We are unable to determine from the record why these matters were pending before two different judges. However, we are of the opinion that, when Judge McClellan entered his order of December 28, 1999, Judge Dender had conducted a hearing prior to that date on October 26, 1999 to consider Wife's request that the court find that all disputes had been resolved at the September 16, 1999 hearing. Although Judge Dender did not enter an order until January 18, 2000, at the time of the entry of Judge McClellan's order of December 28, 1999, the matter was still pending before Judge Dender to determine the validity of the September 1999 agreement. As we have noted, Judge Dender did determine that that agreement was not valid. We are of the further opinion that the order of December 28, 1999 should not have been entered while the issue of the validity of the agreement was still pending before Judge Dender. The outcome of Judge Dender's decision would determine the standard of review when the matter ultimately came before Judge McClellan. If the agreement were valid, the standard would be a change of circumstances, which was the standard that Judge McClellan applied in ultimately granting custody to the father. If the agreement was not valid, the standard would be that of comparative fitness and best interests of the children. See Bah v. Bah , 668 S.W.2d 663 (Tenn.Ct.App. 1983).

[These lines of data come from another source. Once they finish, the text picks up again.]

(* Let $\Omega\subset\mathbb{R}^3$ be a bounded domain, assume Property A (see context) with constant $\rho\in[0,1)$, and let $0\le\alpha<(1-\rho)/2$. Then for every $h\in L^\infty_\alpha$, $$|S_\Omega Kh(x,v)|\lesssim|h|_{\infty,\alpha}e^{-\alpha|v|^2}\min\Big\{1,\frac{\operatorname{diam}(\Omega)}{|v|}\Big\}$$ for a.e. $(x,v)\in\Omega\times\mathbb{R}^3$.
   Context: Property A: there are $\nu$ and $k$, with $Kf(x,v)=\int_{\mathbb{R}^3}k(v,v_* )f(x,v_* )dv_*$, and $\gamma\in[0,1]$, $\rho\in[0,1)$, such that $(1+|v|)^\gamma\lesssim\nu(v)\lesssim(1+|v|)^\gamma$, $|\nabla\nu|\lesssim(1+|v|)^{\gamma-1}$, $|k(v,v_* )|\lesssim\frac{E(v,v_* )}{|v-v_*|(1+|v|+|v_*|)^{1-\gamma}}$ and $|\nabla_vk(v,v_* )|\lesssim\frac{(1+|v|)E(v,v_* )}{|v-v_*|^2(1+|v|+|v_*|)^{1-\gamma}}$, where $E=\exp(-\frac{1-\rho}{4}(|v-v_*|^2+(\frac{|v|^2-|v_*|^2}{|v-v_*|})^2))$. $\tau_{x,v}=\inf\{s\ge0:x-sv\in\Omega^c\}$; $S_\Omega h(x,v)=\int_0^{\tau_{x,v}}e^{-\nu(v)s}h(x-sv,v)ds$. $|f|_{\infty,\alpha}=\operatorname{ess\,sup}_{\Omega\times\mathbb{R}^3}e^{\alpha|v|^2}|f|$, $L^\infty_\alpha=\{f:|f|_{\infty,\alpha}<\infty\}$. $a\lesssim b$: $a\le Cb$ for a constant $C\ge0$ independent of $\Omega,h,x,v$. *)

theory Defs
  imports "HOL-Analysis.Analysis" "HOL-Probability.Essential_Supremum"
begin

definition E_fac :: "real \<Rightarrow> real^3 \<Rightarrow> real^3 \<Rightarrow> real" where
  "E_fac \<rho> v w = exp (- ((1 - \<rho>) / 4) *
      ((norm (v - w))\<^sup>2 + (((norm v)\<^sup>2 - (norm w)\<^sup>2) / norm (v - w))\<^sup>2))"

text \<open>Property A, with parameters gamma, rho and one implicit constant C
  (covering all the lesssim relations). Kernel bounds are required off the diagonal.\<close>
definition propA :: "(real^3 \<Rightarrow> real) \<Rightarrow> (real^3 \<Rightarrow> real^3 \<Rightarrow> real) \<Rightarrow> real \<Rightarrow> real \<Rightarrow> real \<Rightarrow> bool" where
  "propA \<nu> k \<gamma> \<rho> C \<longleftrightarrow>
     0 \<le> \<gamma> \<and> \<gamma> \<le> 1 \<and> 0 \<le> \<rho> \<and> \<rho> < 1 \<and> 0 < C \<and>
     (\<lambda>(v, w). k v w) \<in> borel_measurable borel \<and>
     (\<forall>v. (1 + norm v) powr \<gamma> \<le> C * \<nu> v \<and> \<nu> v \<le> C * (1 + norm v) powr \<gamma>) \<and>
     (\<forall>v. \<exists>g::real^3. (\<nu> has_derivative (\<lambda>u. g \<bullet> u)) (at v) \<and>
            norm g \<le> C * (1 + norm v) powr (\<gamma> - 1)) \<and>
     (\<forall>v w. v \<noteq> w \<longrightarrow>
        \<bar>k v w\<bar> \<le> C * E_fac \<rho> v w / (norm (v - w) * (1 + norm v + norm w) powr (1 - \<gamma>))) \<and>
     (\<forall>v w. v \<noteq> w \<longrightarrow> (\<exists>g::real^3. ((\<lambda>u. k u w) has_derivative (\<lambda>u. g \<bullet> u)) (at v) \<and>
        norm g \<le> C * (1 + norm v) * E_fac \<rho> v w /
                   ((norm (v - w))\<^sup>2 * (1 + norm v + norm w) powr (1 - \<gamma>))))"

definition Kop :: "(real^3 \<Rightarrow> real^3 \<Rightarrow> real) \<Rightarrow> (real^3 \<Rightarrow> real^3 \<Rightarrow> real) \<Rightarrow> real^3 \<Rightarrow> real^3 \<Rightarrow> real" where
  "Kop k f x v = (LINT w|lborel. k v w * f x w)"

text \<open>Backward exit time; infimum of the empty set is +infinity.\<close>
definition tau :: "(real^3) set \<Rightarrow> real^3 \<Rightarrow> real^3 \<Rightarrow> ereal" where
  "tau \<Omega> x v = Inf {ereal s | s. 0 \<le> s \<and> x - s *\<^sub>R v \<notin> \<Omega>}"

definition S_Omega :: "(real^3) set \<Rightarrow> (real^3 \<Rightarrow> real) \<Rightarrow> (real^3 \<Rightarrow> real^3 \<Rightarrow> real) \<Rightarrow> real^3 \<Rightarrow> real^3 \<Rightarrow> real" where
  "S_Omega \<Omega> \<nu> g x v =
     (LINT s : {s. 0 \<le> s \<and> ereal s < tau \<Omega> x v} | lborel. exp (- \<nu> v * s) * g (x - s *\<^sub>R v) v)"

definition Linf_norm :: "(real^3) set \<Rightarrow> real \<Rightarrow> (real^3 \<Rightarrow> real^3 \<Rightarrow> real) \<Rightarrow> ereal" where
  "Linf_norm \<Omega> \<alpha> h = esssup (lebesgue_on (\<Omega> \<times> UNIV))
      (\<lambda>(x, v). ereal (exp (\<alpha> * (norm v)\<^sup>2) * \<bar>h x v\<bar>))"

definition Linf_alpha :: "(real^3) set \<Rightarrow> real \<Rightarrow> (real^3 \<Rightarrow> real^3 \<Rightarrow> real) set" where
  "Linf_alpha \<Omega> \<alpha> = {h. (\<lambda>(x, v). h x v) \<in> borel_measurable (lebesgue_on (\<Omega> \<times> UNIV))
                          \<and> Linf_norm \<Omega> \<alpha> h < \<infinity>}"

definition bdd_domain :: "(real^3) set \<Rightarrow> bool" where
  "bdd_domain \<Omega> \<longleftrightarrow> open \<Omega> \<and> connected \<Omega> \<and> \<Omega> \<noteq> {} \<and> bounded \<Omega>"

end

theory Submission
  imports Defs
begin

(*
  Completing the square in the exponent of E(v,w) gives
    |k(v,w)| e^(-alpha |w|^2) <= C e^(-alpha |v|^2) e^(-b |v-w|^2) / |v-w|,
  with b = (1-rho)/4 - alpha^2/(1-rho), which is positive exactly when |alpha| < (1-rho)/2.
  In dimension n >= 2 the right-hand side is integrable in w: 1/|u| is at most the product
  of the |u_i|^(-1/n), so the integral factorises into one-dimensional integrals of
  |t|^(-1/n) e^(-b t^2).  Hence |Kh(y,v)| <~ |h| e^(-alpha |v|^2) for all y outside a null set.
  By Fubini, almost every backward characteristic s |-> x - s v meets that null set only
  in a null set of times, and along it the weight e^(-nu s) integrates to at most 1/nu <~ 1,
  while the characteristic leaves Omega after time at most diam(Omega)/|v|.
*)

section \<open>An integrable singular Gaussian kernel\<close>

definition gauss_div_norm :: "real \<Rightarrow> 'a::real_normed_vector \<Rightarrow> real" where
  "gauss_div_norm b u = exp (- b * (norm u)\<^sup>2) / norm u"

lemma gauss_div_norm_nonneg: "0 \<le> gauss_div_norm b u"
  by (simp add: gauss_div_norm_def)

lemma abs_powr_mult_gaussian_le:
  fixes t p b :: real
  assumes "0 \<le> p" and "0 \<le> b"
  shows "\<bar>t\<bar> powr (- p) * exp (- b * t\<^sup>2)
    \<le> (if \<bar>t\<bar> \<le> 1 then \<bar>t\<bar> powr (- p) else exp (- b * \<bar>t\<bar>))"
proof (cases "\<bar>t\<bar> \<le> 1")
  case True
  then show ?thesis
    using assms by (simp add: mult_left_le)
next
  case False
  have "\<bar>t\<bar> * 1 \<le> \<bar>t\<bar> * \<bar>t\<bar>"
    using False by (intro mult_left_mono) auto
  then have "exp (- b * t\<^sup>2) \<le> exp (- b * \<bar>t\<bar>)"
    using assms(2) by (simp add: power2_eq_square mult_left_mono)
  moreover have "\<bar>t\<bar> powr (- p) \<le> 1"
    using False assms(1) by (simp add: powr_minus inverse_le_1_iff ge_one_powr_ge_zero)
  ultimately show ?thesis
    using False by (simp add: mult_le_one mult_mono' order_trans[OF mult_right_mono])
qed
(* Let $A=\mathrm{diag}(2,3,5)$ and $B=(1,2,1)$, and let $\mathrm{NT}=\{(x_1,x_2,x_3)\in\mathbb{R}^3 : BA^k(x_1,x_2,x_3)^T\ge 0 \text{ for all integers } k\ge 0\}=\{\vec{x}: 2^kx_1+2\cdot 3^kx_2+5^kx_3\ge 0\ \forall k\ge 0\}$, the non-termination set of the loop "while $(x_1+2x_2+x_3\ge 0)$ $\{(x_1,x_2,x_3):=(2x_1,3x_2,5x_3)\}$". Then $\mathrm{NT}$ is not a semi-algebraic set.
   Context: A semi-algebraic subset of $\mathbb{R}^n$ is a set of the form $\bigcup_{i=1}^s\bigcap_{j=1}^{r_i}\{\vec{x}\in\mathbb{R}^n: f_{i,j}(\vec{x})\,\triangleleft_{i,j}\,0\}$ with finitely many polynomials $f_{i,j}\in\mathbb{R}[x_1,\dots,x_n]$ and $\triangleleft_{i,j}\in\{<,=\}$. *)

theory Defs
  imports "HOL-Analysis.Analysis"
begin

definition poly_fun3 :: "(real^3 \<Rightarrow> real) \<Rightarrow> bool" where
  "poly_fun3 f \<longleftrightarrow> (\<exists>(c :: nat \<Rightarrow> nat \<Rightarrow> nat \<Rightarrow> real) (N :: nat).
     \<forall>x. f x = (\<Sum>i\<le>N. \<Sum>j\<le>N. \<Sum>k\<le>N. c i j k * (x$1)^i * (x$2)^j * (x$3)^k))"

datatype sign_rel = Less0 | Eq0

fun holds_rel :: "sign_rel \<Rightarrow> real \<Rightarrow> bool" where
  "holds_rel Less0 v \<longleftrightarrow> v < 0"
| "holds_rel Eq0 v \<longleftrightarrow> v = 0"

definition semialgebraic3 :: "(real^3) set \<Rightarrow> bool" where
  "semialgebraic3 S \<longleftrightarrow> (\<exists>F :: ((real^3 \<Rightarrow> real) \<times> sign_rel) list list.
     (\<forall>C\<in>set F. \<forall>(f, r)\<in>set C. poly_fun3 f) \<and>
     S = {x. \<exists>C\<in>set F. \<forall>(f, r)\<in>set C. holds_rel r (f x)})"

definition NT :: "(real^3) set" where
  "NT = {x. \<forall>k::nat. 2^k * x$1 + 2 * 3^k * x$2 + 5^k * x$3 \<ge> (0::real)}"
lemma orb_surj:
  assumes "x \<in> {1..n}"
  obtains i where "i < n" "orb i = x"
proof -
  have "x \<in> orb ` {0..<n}" using assms set_support unfolding support_eq by simp
  then show ?thesis using that by auto
qed

lemma fixpoint_free:
  assumes "2 \<le> n"
  shows "\<forall>x\<in>{1..n}. p x \<noteq> x"
proof
  fix x assume "x \<in> {1..n}"
  then have "p x = x \<longleftrightarrow> card {1..n} = 1" by (rule eq_on_cyclic_on_iff1[OF cyclic])
  then show "p x \<noteq> x" using assms by simp
qed

lemma orb_Suc_less_n: "Suc i < n \<Longrightarrow> orb (Suc i) < n"
  using orb_inj[of "Suc i" 0] orb_in[of "Suc i"] by fastforce

lemma orb_positions:
  assumes "x \<in> {1..n}" "y \<in> {1..n}" "x \<noteq> y"
  obtains i j where "i < n" "j < n" "i \<noteq> j" "orb i = x" "orb j = y"
  using orb_surj[OF assms(1)] orb_surj[OF assms(2)] assms(3) by metis

lemma patterns_imp_excedance_inversion:
  assumes "contains_1423 (theta n p) \<or> contains_2314 (theta n p) \<or> contains_231_end (theta n p)"
  shows "\<exists>x y. excedance_inversion p x y"
proof -
  consider (p1423) i j where "orb i < orb j" "orb j < orb (j + 1)" "orb (j + 1) < orb (i + 1)"
    | (p2314) i j where "orb j < orb i" "orb i < orb (i + 1)" "orb (i + 1) < orb (j + 1)"
    | (p231) i where "i + 2 < n" "orb (n - 1) < orb i" "orb i < orb (i + 1)"
    using assms
    unfolding theta_eq contains_1423_map_upt contains_2314_map_upt contains_231_end_map_upt
    by blast
  then show ?thesis
  proof cases
    case p1423
    then have "excedance_inversion p (orb i) (orb j)" by (simp add: excedance_inversion_def)
    then show ?thesis by blast
  next
    case p2314
    then have "excedance_inversion p (orb j) (orb i)" by (simp add: excedance_inversion_def)
    then show ?thesis by blast
  next
    case p231
    have "p (orb (n - 1)) = n" using orb_Suc[of "n - 1"] pos by simp
    moreover have "p (orb i) < n" using orb_Suc_less_n[of i] p231 by simp
    ultimately have "excedance_inversion p (orb (n - 1)) (orb i)"
      using p231 by (simp add: excedance_inversion_def)
    then show ?thesis by blast
  qed
qed

lemma excedance_inversion_imp_patterns:
  assumes "excedance_inversion p x y"
  shows "contains_1423 (theta n p) \<or> contains_2314 (theta n p) \<or> contains_231_end (theta n p)"
proof -
  have xy: "x < y" "y < p y" "p y < p x"
    using assms unfolding excedance_inversion_def by auto
  have "p x \<noteq> x" "p y \<noteq> y" using xy by auto
  then have "x \<in> {1..n}" "y \<in> {1..n}" by (blast intro: permutes_moved_in[OF permutes])+
  moreover have "x \<noteq> y" using xy by simp
  ultimately obtain i j where ij: "i < n" "j < n" "i \<noteq> j" "orb i = x" "orb j = y"
    by (rule orb_positions)
  have "p x \<le> n" using orb_in[of "Suc i"] ij by simp
  consider "i < j" | "j < i" using ij(3) by linarith
  then show ?thesis
  proof cases
    case 1
    have "orb (Suc j) \<noteq> orb n" using xy ij \<open>p x \<le> n\<close> by simp
    then have "Suc j \<noteq> n" by blast
    moreover have "j \<noteq> Suc i" using xy ij by auto
    ultimately have "contains_1423 (theta n p)"
      unfolding theta_eq contains_1423_map_upt using 1 ij xy
      by (intro exI[of _ i] exI[of _ j]) auto
    then show ?thesis by blast
  next
    case 2
    have "i \<noteq> Suc j" using xy ij by auto
    show ?thesis
    proof (cases "Suc i = n")
      case True
      then have "contains_231_end (theta n p)"
        unfolding theta_eq contains_231_end_map_upt using 2 ij xy \<open>i \<noteq> Suc j\<close>
        by (intro exI[of _ j]) auto
      then show ?thesis by blast
    next
      case False
      then have "contains_2314 (theta n p)"
        unfolding theta_eq contains_2314_map_upt using 2 ij xy \<open>i \<noteq> Suc j\<close>
        by (intro exI[of _ j] exI[of _ i]) auto
      then show ?thesis by blast
    qed
  qed
qed

lemma patterns_imp_deficiency_inversion:
  assumes "contains_3241 (theta n p) \<or> contains_4132 (theta n p)"
  shows "\<exists>x y. deficiency_inversion p x y"
proof -
  consider (p3241) i j where "orb (j + 1) < orb (i + 1)" "orb (i + 1) < orb i" "orb i < orb j"
    | (p4132) i j where "orb (i + 1) < orb (j + 1)" "orb (j + 1) < orb j" "orb j < orb i"
    using assms unfolding theta_eq contains_3241_map_upt contains_4132_map_upt by blast
  then show ?thesis
  proof cases
    case p3241
    then have "deficiency_inversion p (orb i) (orb j)" by (simp add: deficiency_inversion_def)
    then show ?thesis by blast
  next
    case p4132
    then have "deficiency_inversion p (orb j) (orb i)" by (simp add: deficiency_inversion_def)
    then show ?thesis by blast
  qed
qed

lemma deficiency_inversion_imp_patterns:
  assumes "deficiency_inversion p x y"
  shows "contains_3241 (theta n p) \<or> contains_4132 (theta n p)"
proof -
  have xy: "x < y" "p x < x" "p y < p x"
    using assms unfolding deficiency_inversion_def by auto
  have "p x \<noteq> x" "p y \<noteq> y" using xy by auto
  then have xy_in: "x \<in> {1..n}" "y \<in> {1..n}" by (blast intro: permutes_moved_in[OF permutes])+
  moreover have "x \<noteq> y" using xy by simp
  ultimately obtain i j where ij: "i < n" "j < n" "i \<noteq> j" "orb i = x" "orb j = y"
    by (rule orb_positions)
  consider "i < j" | "j < i" using ij(3) by linarith
  then show ?thesis
  proof cases
    case 1
    have "orb (Suc j) \<noteq> orb n" using xy ij xy_in by simp
    then have "Suc j \<noteq> n" by blast
    moreover have "j \<noteq> Suc i" using xy ij by auto
    ultimately have "contains_3241 (theta n p)"
      unfolding theta_eq contains_3241_map_upt using 1 ij xy
      by (intro exI[of _ i] exI[of _ j]) auto
    then show ?thesis by blast
  next
    case 2
    have "orb (Suc i) \<noteq> orb n" using xy ij xy_in by simp
    then have "Suc i \<noteq> n" by blast
    moreover have "i \<noteq> Suc j" using xy ij by auto
    ultimately have "contains_4132 (theta n p)"
      unfolding theta_eq contains_4132_map_upt using 2 ij xy
      by (intro exI[of _ j] exI[of _ i]) auto
    then show ?thesis by blast
  qed
qed

lemma contains_321_iff_patterns:
  "contains_321 n p \<longleftrightarrow>
    contains_3241 (theta n p) \<or> contains_1423 (theta n p) \<or> contains_4132 (theta n p) \<or>
    contains_2314 (theta n p) \<or> contains_231_end (theta n p)"
proof
  assume "contains_321 n p"
  moreover from this have "2 \<le> n" unfolding contains_321_def by auto
  ultimately have "(\<exists>x y. excedance_inversion p x y) \<or> (\<exists>x y. deficiency_inversion p x y)"
    using contains_321_iff_inversion[OF permutes fixpoint_free] by blast
  then show "contains_3241 (theta n p) \<or> contains_1423 (theta n p) \<or> contains_4132 (theta n p) \<or>
    contains_2314 (theta n p) \<or> contains_231_end (theta n p)"
    using excedance_inversion_imp_patterns deficiency_inversion_imp_patterns by blast
qed (use patterns_imp_excedance_inversion patterns_imp_deficiency_inversion
      contains_321_if_excedance_inversion[OF permutes] contains_321_if_deficiency_inversion[OF permutes]
      in blast)

end

theorem mainTheorem1:
  fixes n :: nat and p :: "nat \<Rightarrow> nat"
  assumes "n \<ge> 1" and "p permutes {1..n}"
  shows "(is_cyclic n p \<and> \<not> contains_321 n p) \<longleftrightarrow>
         (theta n p ! 0 = n \<and> \<not> contains_3241 (theta n p) \<and> \<not> contains_1423 (theta n p)
          \<and> \<not> contains_4132 (theta n p) \<and> \<not> contains_2314 (theta n p)
          \<and> \<not> contains_231_end (theta n p))"
proof -
  have cyclic_iff: "is_cyclic n p \<longleftrightarrow> theta n p ! 0 = n"
    by (rule is_cyclic_iff_theta_nth_0[OF assms(2,1)])
  show ?thesis
  proof (cases "is_cyclic n p")
    case True
    then interpret n_cycle n p
      using assms is_cyclic_iff_cyclic_on by unfold_locales auto
    show ?thesis using True cyclic_iff contains_321_iff_patterns by blast
  next
    case False
    then show ?thesis using cyclic_iff by blast
  qed
qed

Having determined that Judge Dender was correct in his decision that the agreement announced in open court on September 16, 1999, was not valid because there was not a meeting of the minds between the parties due to the fact that major issues were unresolved, the hearing before Judge McClellan should have been conducted applying a standard of comparative fitness and best interests of the children. Therefore, the matter is remanded to the trial court to determine custody based on the standard of comparative fitness and best interests of the children and to determine any other issues raised by the pleading which the parties are unable to resolve prior to the hearing, with the exception of the order of Judge Goodall of May 28, 1999 declaring the parties to be divorced in accordance with T.C.A. § 36-4-219.
The costs of this appeal are taxed one-half to Jeanne Michelle Rogers Hudgens and one-half to Keith Allen Rogers, and their sureties, for which execution may issue if necessary.